Today, if you are a member of the New Patriotic Party (NPP), you can be picked up by the police over the flimsiest of reasons. You will be handcuffed like a hardened criminal, your pictures splashed across NDC media platforms, and your reputation dragged through the mud. Is this what the police have become? Are insults and criticisms now arrestable offences in our democracy?
When Kevin Taylor, the self-styled godfather of insults in Ghanaian politics, was brought into the country, what treatment did he receive? VVIP service. He was paraded into the Supreme Court with dignity, as though he was a statesman. This same Kevin Taylor rained insults on President Akufo-Addo, Vice President Bawumia, the Asantehene Otumfuo Osei Tutu, and many other noble men in our society. Yet the NDC and its sympathisers cheered him on. They hailed him as a hero.
But now, the very people who defended Kevin Taylor’s insults are applauding the police for arresting Abronye over words that are nowhere near as vile.
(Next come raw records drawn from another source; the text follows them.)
(* Let $L\ge 6$ be even and let $0\le\ell_1,\ell_2\le L$ be integers. The perimeter of the rhombus $\mathcal{R}_{\ell_1,\ell_2}$ (with any reference site) on the $L\times L$ toric grid graph satisfies $$P(\mathcal{R}_{\ell_1,\ell_2})=4\times\begin{cases}\ell_1+\ell_2+1 & \text{if } \min\{\ell_1,\ell_2\}<L/2 \text{ and } \max\{\ell_1,\ell_2\}<L,\\ 2L-(\ell_1+\ell_2+1) & \text{if } \min\{\ell_1,\ell_2\}\ge L/2 \text{ and } \max\{\ell_1,\ell_2\}<L,\\ L & \text{if } \min\{\ell_1,\ell_2\}<L/2 \text{ and } \max\{\ell_1,\ell_2\}=L,\\ 0 & \text{if } \min\{\ell_1,\ell_2\}\ge L/2 \text{ and } \max\{\ell_1,\ell_2\}=L.\end{cases}$$
   Context: $L\ge 6$ is even and $\Lambda=(V,E)$ is the $L\times L$ toric grid graph: $V=\{0,\dots,L-1\}^2$, two sites adjacent iff they differ by $\pm1$ mod $L$ in exactly one coordinate; coordinates are taken mod $L$. Sites are even/odd according to the parity of the coordinate sum; $V_{\mathrm{e}},V_{\mathrm{o}}$ denote even/odd sites. For $S\subseteq V$, $\partial^+S$ is the set of sites outside $S$ adjacent to $S$, and $\nabla S$ is the set of edges joining a site of $S$ to a site of $\partial^+ S$; the perimeter of $S$ is $P(S)=|\nabla S|$. Rhombi: for $\eta=(\eta_1,\eta_2)\in V_{\mathrm{o}}$ and positive $\ell_1,\ell_2\le L$, $\mathcal{R}_{\ell_1,\ell_2}(\eta)=S\cup\partial^+S$ with $S=\{(\eta_1+k+j,\eta_2+k-j):0\le k\le\ell_1-1,\ 0\le j\le \ell_2-1\}$. Degenerate rhombi (when $\ell_1\ell_2=0$) have a reference site $\eta\in V_{\mathrm{e}}$ and are sets of even sites: $\mathcal{R}_{0,\ell_2}(\eta)=\{(\eta_1+j,\eta_2-j):0\le j\le \ell_2\}$ for $\ell_2\neq0$, $\mathcal{R}_{\ell_1,0}(\eta)=\{(\eta_1+k,\eta_2+k):0\le k\le\ell_1\}$ for $\ell_1\ne0$, and $\mathcal{R}_{0,0}(\eta)=\{\eta\}$. *)

theory Defs
  imports Main
begin

type_synonym site = "int \<times> int"

definition sites :: "nat \<Rightarrow> site set" where
  "sites L = {0..<int L} \<times> {0..<int L}"

definition wrap :: "nat \<Rightarrow> site \<Rightarrow> site" where
  "wrap L p = (fst p mod int L, snd p mod int L)"

definition adj :: "nat \<Rightarrow> site \<Rightarrow> site \<Rightarrow> bool" where
  "adj L x y \<longleftrightarrow> x \<in> sites L \<and> y \<in> sites L \<and>
     ((fst x = fst y \<and> ((snd x - snd y) mod int L = 1 \<or> (snd y - snd x) mod int L = 1)) \<or>
      (snd x = snd y \<and> ((fst x - fst y) mod int L = 1 \<or> (fst y - fst x) mod int L = 1)))"

definition even_site :: "site \<Rightarrow> bool" where
  "even_site p \<longleftrightarrow> even (fst p + snd p)"

definition odd_site :: "site \<Rightarrow> bool" where
  "odd_site p \<longleftrightarrow> odd (fst p + snd p)"

definition obdry :: "nat \<Rightarrow> site set \<Rightarrow> site set" where
  "obdry L S = {y \<in> sites L. y \<notin> S \<and> (\<exists>x\<in>S. adj L x y)}"

definition edge_bdry :: "nat \<Rightarrow> site set \<Rightarrow> (site \<times> site) set" where
  "edge_bdry L S = {(x, y). x \<in> S \<and> y \<in> obdry L S \<and> adj L x y}"

definition perimeter :: "nat \<Rightarrow> site set \<Rightarrow> nat" where
  "perimeter L S = card (edge_bdry L S)"

definition rhombus :: "nat \<Rightarrow> nat \<Rightarrow> nat \<Rightarrow> site \<Rightarrow> site set" where
  "rhombus L l1 l2 \<eta> =
    (if l1 = 0 \<and> l2 = 0 then {wrap L \<eta>}
     else if l1 = 0 then {wrap L (fst \<eta> + int j, snd \<eta> - int j) | j. j \<le> l2}
     else if l2 = 0 then {wrap L (fst \<eta> + int k, snd \<eta> + int k) | k. k \<le> l1}
     else (let S = {wrap L (fst \<eta> + int k + int j, snd \<eta> + int k - int j) | k j. k < l1 \<and> j < l2}
           in S \<union> obdry L S))"

end

theory Submission
  imports Defs
begin

(* In the rotated coordinates (k, j) |-> eta + k (1, 1) + j (1, -1) the core S of a rhombus is
   the image of an l1 x l2 box and its outer boundary is the image of an (l1 + 1) x (l2 + 1) box
   based at eta - (1, 0); a degenerate rhombus is the image of a box of width 1.  All these sets
   are monochromatic, so every neighbour of a site lies outside the set: a monochromatic set R has
   perimeter 4 |R|, and double counting the edges between S and its boundary T gives
   P(S \<union> T) = 4 |T| - 4 |S|.  Finally, the image of an m x n box (m, n \<le> L) has
   m n - 2 (m - L/2)+ (n - L/2)+ sites, because wrapping around the torus identifies a point
   (k, j) with (k + L/2, j \<plusminus> L/2); comparing this count for the two boxes gives the four cases. *)

section \<open>Neighbours on the torus\<close>

definition neighbours :: "nat \<Rightarrow> site \<Rightarrow> site set" where
  "neighbours L x = {wrap L (fst x + 1, snd x), wrap L (fst x - 1, snd x),
                     wrap L (fst x, snd x + 1), wrap L (fst x, snd x - 1)}"

lemma wrap_in_sites: "0 < L \<Longrightarrow> wrap L p \<in> sites L"
  by (simp add: wrap_def sites_def)

lemma wrap_eq_iff: "wrap L p = wrap L q \<longleftrightarrow> int L dvd fst p - fst q \<and> int L dvd snd p - snd q"
  by (simp add: wrap_def prod_eq_iff mod_eq_dvd_iff)

lemma neighbours_subset_sites: "0 < L \<Longrightarrow> neighbours L x \<subseteq> sites L"
  by (simp add: neighbours_def wrap_in_sites)

lemma mod_diff_eq_1_iff:
  fixes a c L :: int
  assumes "0 \<le> c" "c < L" "1 < L"
  shows "(c - a) mod L = 1 \<longleftrightarrow> c = (a + 1) mod L"
    and "(a - c) mod L = 1 \<longleftrightarrow> c = (a - 1) mod L"
proof -
  have shift: "c = (a + d) mod L \<longleftrightarrow> L dvd c - a - d" for d
    using assms by (metis mod_eq_dvd_iff mod_pos_pos_trivial diff_diff_eq)
  have one: "e mod L = 1 \<longleftrightarrow> L dvd e - 1" for e
    using assms by (metis mod_eq_dvd_iff mod_pos_pos_trivial zero_le_one)
  show "(c - a) mod L = 1 \<longleftrightarrow> c = (a + 1) mod L"
    unfolding one shift by (simp add: algebra_simps)
  have "L dvd a - c - 1 \<longleftrightarrow> L dvd c - a - (- 1)"
    by (metis dvd_minus_iff minus_diff_eq diff_minus_eq_add add.commute)
  then show "(a - c) mod L = 1 \<longleftrightarrow> c = (a - 1) mod L"
    unfolding one using shift[of "- 1"] by simp
qed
Where is the consistency? Where is the moral ground to condemn one man’s insults and celebrate another’s?
Let me be clear. I do not endorse insults in politics. I have never been comfortable with such language. But I cannot stand the hypocrisy. If you defended Kevin Taylor when he insulted our leaders, you have no justification today to cry foul over Abronye. Let only those who condemned Taylor from the beginning criticise Abronye now. The rest should remain silent.
If we are being honest, Abronye has not done a quarter of what Kevin Taylor did. Yet see how differently the police treat them. It is shameful. It exposes the police as biased, working to please the NDC instead of upholding fairness.
We must all remember that God is watching. Power changes hands. One day, those who are laughing now may find themselves on the receiving end. If we do not fix this hypocrisy, our democracy will suffer.